ATOC, the Association of Train Operating Companies, announced today the fare rises that will be implemented in January. My twitter timeline immediately filled up with people screaming in horror at Scotrail and other companies.
The thing is, we do this to ourselves. We announce the same fare increase multiple times a year, so that people are under the impression that fares are continually rising. The fares go up every January, usually by RPI+1%. Then last budget the government announced that for the next few years, fares would increase by RPI+3% (except Scotrail, who would stick to the +1% arrangement). So everyone had a good moan about fare rises.
Then in July every year, ATOC announces any fare rises being implemented in August. These are usually few and far between, but they give the newspapers another chance to kick the industry. Come November, the chancellor announced that actually he's going back to the +1%. And then just before Christmas, every year, the industry announces what those fare increases will be. In January, the newspapers have another easy story about "commuter misery" on the day of the fare rise.
So that's 5 headlines a year about the same fare increase, giving the impression that train fares are continually rising. They're not.
But there's an easy way out of this: petrol equivalent. The idea is simple: you charge the equivalent of what the journey would cost you if you were driving in a car. Obviously the oil price is volatile so you'd have to peg it somehow (maybe a maximum fare, or the average miles per gallon of a family car). The public would know why they're being charged that amount for their journey, and the newspapers would lay off the industry. They can hardly moan about the cost of a train ticket when the cost of filling the car with petrol is the same, can they?

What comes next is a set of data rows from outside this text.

(* Let $X_1,\dots,X_n$ be Polish spaces with Borel probability measures $\mu_i$, let $\mu=\prod_{i=1}^n\mu_i$ on $X=\prod_iX_i$, and let $c:X\to\mathbb{R}$ be Borel measurable with $c\in L^1(X,\mu)$. For $y\in X$ and $\alpha\subseteq\{1,\dots,n\}$ let $c_\alpha(x_\alpha)=c(x_\alpha y_{\{1,\dots,n\}\setminus\alpha})$ on $X_\alpha$. Then there exists $y\in X$ such that for every $\alpha\subseteq\{1,\dots,n\}$ the function $c_\alpha$ is integrable with respect to $\mu_\alpha=\prod_{i\in\alpha}\mu_i$ and $\|c_\alpha\|_{L^1(\mu_\alpha)}\le 2^{n+1}\|c\|_{L^1(\mu)}$ (for $\alpha=\varnothing$ this means $|c(y)|\le2^{n+1}\|c\|_{L^1(\mu)}$).
   Context: $X_\alpha=\prod_{i\in\alpha}X_i$; for disjoint $\alpha,\beta$, $x_\alpha y_\beta$ denotes the point of $X_{\alpha\sqcup\beta}$ whose coordinates are taken from $x_\alpha$ and $y_\beta$. *)

theory Defs
  imports "HOL-Probability.Probability"
begin

definition Polish_space :: "'a topology \<Rightarrow> bool" where
  "Polish_space X \<longleftrightarrow> completely_metrizable_space X \<and> separable_space X"

definition borel_of :: "'a topology \<Rightarrow> 'a measure" where
  "borel_of X = sigma (topspace X) {U. openin X U}"

end

theory Submission
  imports Defs
begin

text \<open>
  Put \<open>g = \<bar>c\<bar>\<close> and, for \<open>\<alpha> \<subseteq> N\<close>, let \<open>G\<^sub>\<alpha> y\<close> be the integral of \<open>g\<close> over the
  coordinates in \<open>\<alpha>\<close> with the remaining coordinates frozen at \<open>y\<close>.  By Fubini every \<open>G\<^sub>\<alpha>\<close>
  has the same integral as \<open>g\<close>, so \<open>\<Sum>\<^sub>\<alpha> G\<^sub>\<alpha>\<close> has integral \<open>2\<^sup>|\<^sup>N\<^sup>| \<parallel>c\<parallel>\<^sub>1\<close>.  On a
  probability space a function is somewhere at most its integral; at such a point \<open>y\<close>
  every single \<open>G\<^sub>\<alpha> y\<close> is bounded by \<open>2\<^sup>|\<^sup>N\<^sup>| \<parallel>c\<parallel>\<^sub>1\<close>.
\<close>

lemma (in prob_space) exists_le_nn_integral:
  assumes [measurable]: "f \<in> borel_measurable M"
  shows "\<exists>x\<in>space M. f x \<le> (\<integral>\<^sup>+x. f x \<partial>M)"
proof (rule ccontr)
  assume "\<not> ?thesis"
  then have less: "\<And>x. x \<in> space M \<Longrightarrow> (\<integral>\<^sup>+x. f x \<partial>M) < f x"
    by (auto simp: not_le)
  obtain x where "x \<in> space M"
    using not_empty by blast
  then have fin: "(\<integral>\<^sup>+x. f x \<partial>M) \<noteq> \<infinity>"
    using less top.not_eq_extremum by fastforce
  have "(\<integral>\<^sup>+_. (\<integral>\<^sup>+x. f x \<partial>M) \<partial>M) < (\<integral>\<^sup>+x. f x \<partial>M)"
  proof (rule nn_integral_less)
    show "AE x in M. (\<integral>\<^sup>+x. f x \<partial>M) \<le> f x"
      using less by (auto intro: less_imp_le)
    show "\<not> (AE x in M. f x \<le> (\<integral>\<^sup>+x. f x \<partial>M))"
    proof
      assume "AE x in M. f x \<le> (\<integral>\<^sup>+x. f x \<partial>M)"
      then have "AE x in M. False"
        by (rule AE_mp) (use less in \<open>auto intro!: AE_I2 simp: not_le\<close>)
      then show False
        by (simp add: AE_False)
    qed
  qed (use fin in \<open>auto simp: emeasure_space_1\<close>)
  then show False
    by (simp add: emeasure_space_1)
qed

lemma measurable_merge_slice:
  assumes "\<alpha> \<subseteq> N" and y: "y \<in> space (PiM N M)"
  shows "(\<lambda>x. merge \<alpha> (N - \<alpha>) (x, y)) \<in> measurable (PiM \<alpha> M) (PiM N M)"
proof -
  have [measurable]: "merge \<alpha> (N - \<alpha>) \<in> measurable (PiM \<alpha> M \<Otimes>\<^sub>M PiM (N - \<alpha>) M) (PiM N M)"
    using measurable_merge[of \<alpha> "N - \<alpha>" M] \<open>\<alpha> \<subseteq> N\<close> by (simp add: Un_absorb1)
  have "restrict y (N - \<alpha>) \<in> space (PiM (N - \<alpha>) M)"
    by (rule measurable_space[OF measurable_restrict_subset y]) auto
  then have "(\<lambda>x. merge \<alpha> (N - \<alpha>) (x, restrict y (N - \<alpha>))) \<in> measurable (PiM \<alpha> M) (PiM N M)"
    by measurable
  then show ?thesis
    by simp
qed

lemma integrable_merge_slice:
  fixes c :: "('i \<Rightarrow> 'a) \<Rightarrow> real"
  assumes "\<alpha> \<subseteq> N" "y \<in> space (PiM N M)" "0 \<le> B"
    and c: "c \<in> borel_measurable (PiM N M)"
    and bound: "(\<integral>\<^sup>+x. ennreal \<bar>c (merge \<alpha> (N - \<alpha>) (x, y))\<bar> \<partial>PiM \<alpha> M) \<le> ennreal B"
  shows "integrable (PiM \<alpha> M) (\<lambda>x. c (merge \<alpha> (N - \<alpha>) (x, y)))"
    and "(\<integral>x. \<bar>c (merge \<alpha> (N - \<alpha>) (x, y))\<bar> \<partial>PiM \<alpha> M) \<le> B"
proof -
  have [measurable]: "(\<lambda>x. c (merge \<alpha> (N - \<alpha>) (x, y))) \<in> borel_measurable (PiM \<alpha> M)"
    using measurable_comp[OF measurable_merge_slice[OF assms(1,2)] c] by (simp add: comp_def)
  show "integrable (PiM \<alpha> M) (\<lambda>x. c (merge \<alpha> (N - \<alpha>) (x, y)))"
    using order.strict_trans1[OF bound ennreal_less_top]
    by (intro integrableI_bounded) (simp_all add: infinity_ennreal_def)
  have "(\<integral>x. \<bar>c (merge \<alpha> (N - \<alpha>) (x, y))\<bar> \<partial>PiM \<alpha> M)
      = enn2real (\<integral>\<^sup>+x. ennreal \<bar>c (merge \<alpha> (N - \<alpha>) (x, y))\<bar> \<partial>PiM \<alpha> M)"
    by (rule integral_eq_nn_integral) auto
  also have "\<dots> \<le> B"
    using enn2real_mono[OF bound] \<open>0 \<le> B\<close> by simp
  finally show "(\<integral>x. \<bar>c (merge \<alpha> (N - \<alpha>) (x, y))\<bar> \<partial>PiM \<alpha> M) \<le> B" .
qed

context product_prob_space
begin

lemma borel_measurable_nn_integral_merge:
  assumes "\<alpha> \<subseteq> N" and [measurable]: "f \<in> borel_measurable (PiM N M)"
  shows "(\<lambda>y. \<integral>\<^sup>+x. f (merge \<alpha> (N - \<alpha>) (x, y)) \<partial>PiM \<alpha> M) \<in> borel_measurable (PiM N M)"
proof -
  interpret A: product_prob_space M \<alpha> by unfold_locales
  have [measurable]: "merge \<alpha> (N - \<alpha>) \<in> measurable (PiM \<alpha> M \<Otimes>\<^sub>M PiM (N - \<alpha>) M) (PiM N M)"
    using measurable_merge[of \<alpha> "N - \<alpha>" M] \<open>\<alpha> \<subseteq> N\<close> by (simp add: Un_absorb1)
  have [measurable]: "(\<lambda>y. restrict y (N - \<alpha>)) \<in> measurable (PiM N M) (PiM (N - \<alpha>) M)"
    by (rule measurable_restrict_subset) auto
  have "(\<lambda>(y, x). f (merge \<alpha> (N - \<alpha>) (x, restrict y (N - \<alpha>))))
      \<in> borel_measurable (PiM N M \<Otimes>\<^sub>M PiM \<alpha> M)"
    by measurable
  then have "(\<lambda>y. \<integral>\<^sup>+x. f (merge \<alpha> (N - \<alpha>) (x, restrict y (N - \<alpha>))) \<partial>PiM \<alpha> M)
      \<in> borel_measurable (PiM N M)"
    using A.P.borel_measurable_nn_integral_fst by fastforce
  then show ?thesis
    by simp
qed

text \<open>
  Integrating out the \<open>\<alpha>\<close>-coordinates gives a function of the \<open>(N - \<alpha>)\<close>-coordinates alone,
  so the outer integral over the \<open>\<alpha>\<close>-coordinates is trivial (they carry a probability
  measure) and what remains is Fubini for \<open>PiM N M = PiM (N - \<alpha>) M \<Otimes> PiM \<alpha> M\<close>.
\<close>
lemma nn_integral_nn_integral_merge:
  assumes "finite N" "\<alpha> \<subseteq> N" and g[measurable]: "g \<in> borel_measurable (PiM N M)"
  shows "(\<integral>\<^sup>+y. (\<integral>\<^sup>+x. g (merge \<alpha> (N - \<alpha>) (x, y)) \<partial>PiM \<alpha> M) \<partial>PiM N M)
       = (\<integral>\<^sup>+y. g y \<partial>PiM N M)"
proof -
  interpret A: product_prob_space M \<alpha> by unfold_locales
  define \<beta> where "\<beta> = N - \<alpha>"
  have N: "N = \<beta> \<union> \<alpha>" and disj: "\<beta> \<inter> \<alpha> = {}"
    using \<open>\<alpha> \<subseteq> N\<close> by (auto simp: \<beta>_def)
  have fin: "finite \<alpha>" "finite \<beta>"
    using \<open>finite N\<close> \<open>\<alpha> \<subseteq> N\<close> finite_subset by (auto simp: \<beta>_def)
  define G where "G y = (\<integral>\<^sup>+x. g (merge \<alpha> \<beta> (x, y)) \<partial>PiM \<alpha> M)" for y
  have "G \<in> borel_measurable (PiM N M)"
    using borel_measurable_nn_integral_merge[OF \<open>\<alpha> \<subseteq> N\<close> g, folded \<beta>_def]
    unfolding G_def .
  then have G: "G \<in> borel_measurable (PiM (\<beta> \<union> \<alpha>) M)"
    by (simp only: N)
  have g': "g \<in> borel_measurable (PiM (\<beta> \<union> \<alpha>) M)"
    using g by (simp only: N)
  have G_merge: "G (merge \<beta> \<alpha> (y, x')) = G y" for y x'
  proof -
    have "merge \<alpha> \<beta> (x, merge \<beta> \<alpha> (y, x')) = merge \<alpha> \<beta> (x, y)" for x
      by (auto simp: merge_def fun_eq_iff)
    then show ?thesis
      by (simp add: G_def)
  qed
  have "(\<integral>\<^sup>+y. G y \<partial>PiM (\<beta> \<union> \<alpha>) M)
      = (\<integral>\<^sup>+y. (\<integral>\<^sup>+x'. G (merge \<beta> \<alpha> (y, x')) \<partial>PiM \<alpha> M) \<partial>PiM \<beta> M)"
    by (rule product_nn_integral_fold[OF disj fin(2,1) G])
  also have "\<dots> = (\<integral>\<^sup>+y. G y \<partial>PiM \<beta> M)"
    by (simp add: G_merge A.P.emeasure_space_1)
  also have "\<dots> = (\<integral>\<^sup>+y. (\<integral>\<^sup>+x. g (merge \<beta> \<alpha> (y, x)) \<partial>PiM \<alpha> M) \<partial>PiM \<beta> M)"
    by (simp add: G_def merge_commute[OF disj])
  also have "\<dots> = (\<integral>\<^sup>+y. g y \<partial>PiM (\<beta> \<union> \<alpha>) M)"
    by (rule product_nn_integral_fold[OF disj fin(2,1) g', symmetric])
  finally have "(\<integral>\<^sup>+y. G y \<partial>PiM N M) = (\<integral>\<^sup>+y. g y \<partial>PiM N M)"
    by (simp only: N)
  then show ?thesis
    by (simp only: G_def \<beta>_def)
qed

lemma exists_point_integrable_slices:
  fixes c :: "('i \<Rightarrow> 'a) \<Rightarrow> real"
  assumes N: "finite N" and c: "integrable (PiM N M) c"
  shows "\<exists>y\<in>space (PiM N M). \<forall>\<alpha>\<subseteq>N.
           integrable (PiM \<alpha> M) (\<lambda>x. c (merge \<alpha> (N - \<alpha>) (x, y)))
         \<and> (\<integral>x. \<bar>c (merge \<alpha> (N - \<alpha>) (x, y))\<bar> \<partial>PiM \<alpha> M) \<le> 2 ^ card N * (\<integral>x. \<bar>c x\<bar> \<partial>PiM N M)"
proof -
  interpret P: product_prob_space M N by unfold_locales
  have [measurable]: "c \<in> borel_measurable (PiM N M)"
    using c by auto
  define C where "C = (\<integral>x. \<bar>c x\<bar> \<partial>PiM N M)"
  define B where "B = 2 ^ card N * C"
  have "0 \<le> C"
    by (simp add: C_def)
  then have "0 \<le> B"
    by (simp add: B_def)
  define G where "G \<alpha> y = (\<integral>\<^sup>+x. ennreal \<bar>c (merge \<alpha> (N - \<alpha>) (x, y))\<bar> \<partial>PiM \<alpha> M)" for \<alpha> y
  have G_measurable: "G \<alpha> \<in> borel_measurable (PiM N M)" if "\<alpha> \<in> Pow N" for \<alpha>
    unfolding G_def by (rule borel_measurable_nn_integral_merge) (use that in auto)
  have G_integral: "(\<integral>\<^sup>+y. G \<alpha> y \<partial>PiM N M) = ennreal C" if "\<alpha> \<in> Pow N" for \<alpha>
  proof -
    have "(\<integral>\<^sup>+y. G \<alpha> y \<partial>PiM N M) = (\<integral>\<^sup>+x. ennreal \<bar>c x\<bar> \<partial>PiM N M)"
      using that unfolding G_def by (intro nn_integral_nn_integral_merge[OF N]) auto
    also have "\<dots> = ennreal C"
      unfolding C_def by (rule nn_integral_eq_integral) (auto intro: integrable_abs c)
    finally show ?thesis .
  qed
  have "(\<integral>\<^sup>+y. (\<Sum>\<alpha>\<in>Pow N. G \<alpha> y) \<partial>PiM N M) = (\<Sum>\<alpha>\<in>Pow N. \<integral>\<^sup>+y. G \<alpha> y \<partial>PiM N M)"
    by (rule nn_integral_sum) (use G_measurable in auto)
  also have "\<dots> = of_nat (2 ^ card N) * ennreal C"
    by (simp add: G_integral card_Pow N)
  also have "\<dots> = ennreal B"
    using \<open>0 \<le> C\<close> by (simp add: B_def ennreal_mult ennreal_power[symmetric])
  finally have "(\<integral>\<^sup>+y. (\<Sum>\<alpha>\<in>Pow N. G \<alpha> y) \<partial>PiM N M) = ennreal B" .
  then obtain y where y: "y \<in> space (PiM N M)" and sum_le: "(\<Sum>\<alpha>\<in>Pow N. G \<alpha> y) \<le> ennreal B"
    using P.P.exists_le_nn_integral[of "\<lambda>y. \<Sum>\<alpha>\<in>Pow N. G \<alpha> y"] G_measurable by auto
  have "G \<alpha> y \<le> ennreal B" if "\<alpha> \<subseteq> N" for \<alpha>
    using member_le_sum[of \<alpha> "Pow N" "\<lambda>\<alpha>. G \<alpha> y"] that N sum_le by auto
  then have "\<forall>\<alpha>\<subseteq>N. integrable (PiM \<alpha> M) (\<lambda>x. c (merge \<alpha> (N - \<alpha>) (x, y)))
      \<and> (\<integral>x. \<bar>c (merge \<alpha> (N - \<alpha>) (x, y))\<bar> \<partial>PiM \<alpha> M) \<le> B"
    using y \<open>0 \<le> B\<close> integrable_merge_slice[of _ N y M B c] by (simp add: G_def)
  then show ?thesis
    using y unfolding B_def C_def by blast
qed

end

theorem mainTheorem9:
  fixes n :: nat
    and T :: "nat \<Rightarrow> 'a topology"
    and M :: "nat \<Rightarrow> 'a measure"
    and c :: "(nat \<Rightarrow> 'a) \<Rightarrow> real"
  assumes polish: "\<And>i. i \<in> {1..n} \<Longrightarrow> Polish_space (T i)"
    and borel: "\<And>i. i \<in> {1..n} \<Longrightarrow> sets (M i) = sets (borel_of (T i))"
    and prob: "\<And>i. i \<in> {1..n} \<Longrightarrow> prob_space (M i)"
    and meas: "c \<in> borel_measurable (PiM {1..n} M)"
    and int: "integrable (PiM {1..n} M) c"
  shows "\<exists>y \<in> space (PiM {1..n} M). \<forall>\<alpha> \<subseteq> {1..n}.
           integrable (PiM \<alpha> M) (\<lambda>x. c (merge \<alpha> ({1..n} - \<alpha>) (x, y)))
         \<and> (\<integral>x. \<bar>c (merge \<alpha> ({1..n} - \<alpha>) (x, y))\<bar> \<partial>PiM \<alpha> M)
             \<le> 2 ^ (n + 1) * (\<integral>x. \<bar>c x\<bar> \<partial>PiM {1..n} M)"
proof -
  define I where "I = {1..n}"
  \<comment> \<open>The locale needs a probability measure at every index, also outside \<open>I\<close>.\<close>
  define M' where "M' i = (if i \<in> I then M i else return (count_space UNIV) undefined)" for i
  interpret product_prob_space M'
    by (rule product_prob_spaceI) (auto simp: M'_def I_def prob intro: prob_space_return)
  have PiM_M': "\<alpha> \<subseteq> I \<Longrightarrow> PiM \<alpha> M' = PiM \<alpha> M" for \<alpha>
    by (rule PiM_cong) (auto simp: M'_def)
  obtain y where y: "y \<in> space (PiM I M)" and slices: "\<And>\<alpha>. \<alpha> \<subseteq> I \<Longrightarrow>
      integrable (PiM \<alpha> M) (\<lambda>x. c (merge \<alpha> (I - \<alpha>) (x, y)))
    \<and> (\<integral>x. \<bar>c (merge \<alpha> (I - \<alpha>) (x, y))\<bar> \<partial>PiM \<alpha> M) \<le> 2 ^ card I * (\<integral>x. \<bar>c x\<bar> \<partial>PiM I M)"
    using exists_point_integrable_slices[of I c] int PiM_M' by (auto simp: I_def)
  have "(2::real) ^ card I * (\<integral>x. \<bar>c x\<bar> \<partial>PiM I M) \<le> 2 ^ (n + 1) * (\<integral>x. \<bar>c x\<bar> \<partial>PiM I M)"
    by (intro mult_right_mono) (auto simp: I_def)
  then show ?thesis
    using y slices unfolding I_def[symmetric] by (blast intro: order_trans)
qed

end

Alternatively, charge by the mile. All journeys would be charged the same amount per mile, so everyone knows what they should be paying depending on how far they're going. 25p per mile would see a Glasgow to Edinburgh fare at £10, while Edinburgh to London would be £82.50.
The fare structure needs a good shake-up, to make it fairer for all.

1 comments:
The problem with that 25p per mile fare is that it'd raise prices. At the moment I pay £116 for a return between Glasgow and London (including inexplicable booking fees).
My solution would be to properly tax air travel, and to massively, sadistically tax internal flights within the mainland UK. The money raised could go towards subsidising rail fares.